Of the multiple storylines encompassing the Los Angeles Dodgers in Spring Training, Brett Anderson is one of the more intriguing ones. Coming off a season in which he made just eight starts, Anderson signed a one-year, $10 million contract with the Dodgers.
According to executives polled by ESPN, the Dodgers signing of Anderson was ranked one of the worst moves this past offseason. That feeling doesn’t apply to the Dodgers however, as general manager Farhan Zaidi said he’s confident the left-hander will have a clean bill of health with Los Angeles.

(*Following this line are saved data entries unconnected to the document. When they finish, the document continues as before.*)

(* Let $X$ be a real Banach space, let $c>0$ and let $(x_k)$ be a weakly null sequence in $X$ with $\widetilde{\operatorname{wu}}(x_k)>c$. Then there is a subsequence of $(x_k)$ generating an $\ell_1$-spreading model with constant $\frac c2$.
   Context: For a sequence $(y_k)$ weakly converging to $y$, $\operatorname{wu}(y_k)$ is the infimum of all $\varepsilon>0$ for which there is $n\in\mathbb N$ with $\#\{k\in\mathbb N:|x^*(y_k-y)|>\varepsilon\}\le n$ for all $x^*\in B_{X^*}$; $\widetilde{\operatorname{wu}}(x_k)=\inf\{\operatorname{wu}(x_{k_n}):(x_{k_n})\text{ a subsequence of }(x_k)\}$. A bounded sequence $(z_k)$ generates an $\ell_1$-spreading model with constant $\delta>0$ if $\|\sum_{i\in F}\alpha_i z_i\|\ge\delta\sum_{i\in F}|\alpha_i|$ for every finite $F\subset\mathbb N$ with $\#F\le\min F$ and all real scalars $(\alpha_i)_{i\in F}$. *)

theory Defs
  imports "HOL-Analysis.Analysis"
begin

definition weakly_converges :: "(nat \<Rightarrow> 'a::real_normed_vector) \<Rightarrow> 'a \<Rightarrow> bool" where
  "weakly_converges x y \<longleftrightarrow>
     (\<forall>f :: 'a \<Rightarrow>\<^sub>L real. (\<lambda>k. blinfun_apply f (x k)) \<longlonglongrightarrow> blinfun_apply f y)"

text \<open>wu(y_k) for a sequence converging weakly to y; valued in ereal so the infimum
  over an empty set would be \<infinity> (it is never empty for weakly convergent sequences).\<close>
definition wu :: "(nat \<Rightarrow> 'a::real_normed_vector) \<Rightarrow> 'a \<Rightarrow> ereal" where
  "wu x y = Inf {ereal \<epsilon> | \<epsilon>. \<epsilon> > 0 \<and>
      (\<exists>n::nat. \<forall>f :: 'a \<Rightarrow>\<^sub>L real. norm f \<le> 1 \<longrightarrow>
         finite {k. \<bar>blinfun_apply f (x k - y)\<bar> > \<epsilon>} \<and>
         card {k. \<bar>blinfun_apply f (x k - y)\<bar> > \<epsilon>} \<le> n)}"

definition wu_tilde :: "(nat \<Rightarrow> 'a::real_normed_vector) \<Rightarrow> 'a \<Rightarrow> ereal" where
  "wu_tilde x y = Inf {wu (x \<circ> r) y | r. strict_mono r}"

text \<open>The paper indexes sequences from 1; Isabelle sequences
  are indexed from 0, so the paper's index i corresponds to Isabelle index i-1 and
  the condition #F \<le> min F becomes card F \<le> Min F + 1.\<close>
definition generates_l1_spreading_model :: "(nat \<Rightarrow> 'a::real_normed_vector) \<Rightarrow> real \<Rightarrow> bool" where
  "generates_l1_spreading_model z \<delta> \<longleftrightarrow>
     bounded (range z) \<and>
     (\<forall>F::nat set. \<forall>\<alpha>::nat \<Rightarrow> real. finite F \<and> F \<noteq> {} \<and> card F \<le> Min F + 1 \<longrightarrow>
        norm (\<Sum>i\<in>F. \<alpha> i *\<^sub>R z i) \<ge> \<delta> * (\<Sum>i\<in>F. \<bar>\<alpha> i\<bar>))"

end

theory Submission
  imports Defs
begin

text \<open>Choose b with c < b < wu_tilde x 0 and put \<eta> = b - c. Because wu_tilde x 0 > b, inside
  every infinite set of indices some functional of norm at most 1 is \<ge> b on arbitrarily many x i.
  Because x is weakly null, Mazur's lemma shows that no such functional can be > \<eta> on a long
  initial segment of an infinite set of indices. A diagonal (Ramsey-type) construction combines the
  two and yields a subsequence along which, for every admissible F (card F \<le> min F) and every
  G \<subseteq> F, some functional of norm at most 1 is \<ge> b on the terms indexed by G and \<le> \<eta> on
  those indexed by F - G. Testing \<Sum> \<alpha>i xi with such functionals for the positive and for the
  negative coefficients gives 2 norm (\<Sum> \<alpha>i xi) \<ge> (b - \<eta>) \<Sum> \<bar>\<alpha>i\<bar> = c \<Sum> \<bar>\<alpha>i\<bar>.\<close>

section \<open>Hahn-Banach and separation in normed spaces\<close>

definition dominated_linear_graph :: "('a::real_vector \<Rightarrow> real) \<Rightarrow> ('a \<times> real) set \<Rightarrow> bool" where
  "dominated_linear_graph p G \<longleftrightarrow>
     (\<forall>x a b. (x, a) \<in> G \<longrightarrow> (x, b) \<in> G \<longrightarrow> a = b) \<and> (0, 0) \<in> G \<and>
     (\<forall>x a y b. (x, a) \<in> G \<longrightarrow> (y, b) \<in> G \<longrightarrow> (x + y, a + b) \<in> G) \<and>
     (\<forall>x a t. (x, a) \<in> G \<longrightarrow> (t *\<^sub>R x, t * a) \<in> G) \<and>
     (\<forall>x a. (x, a) \<in> G \<longrightarrow> a \<le> p x)"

Anderson underwent surgery last August to repair a herniated disk in his back and according to ESPN’s Mark Saxon, has already completed multiple bullpen sessions:
Brett Anderson, coming off back surgery, said he has thrown off a mound 4-5 times, is under few restrictions
— Mark Saxon (@markasaxon) February 19, 2015
In a break from some of the monotony that’s come with questions regarding his inability to remain healthy, Anderson also touched on the type of batter he is, via Eric Stephen of True Blue LA:
Brett Anderson on hitting: "I'm an extra-base guy. I got 2 hits last year and they were both doubles."
— Eric Stephen (@truebluela) February 19, 2015
In his rookie season with the Oakland Athletics in 2009, Anderson made 30 starts, but has failed to make more than 19 in five seasons since that point. Along with the back issue, Anderson’s list of injuries include a broken thumb suffered in the batters’ box and Tommy John surgery; or as he put it in January, ‘fluky’ injuries.
While a back injury is certainly reason to pause, the 27 year old rehabbed with the same trainer who helped Randy Johnson recover from an identical procedure. Signing Anderson comes with risk for the Dodgers given his inability to remain healthy, but they could just as well catch lightening in a bottle.
A second-round pick in the 2006 draft, Anderson certainly has the talent to serve as a viable fifth starter for the Dodgers if he manages to avoid the disabled list. Additionally, by remaining healthy in 2015, he can earn up to $4 million in performance-based incentives.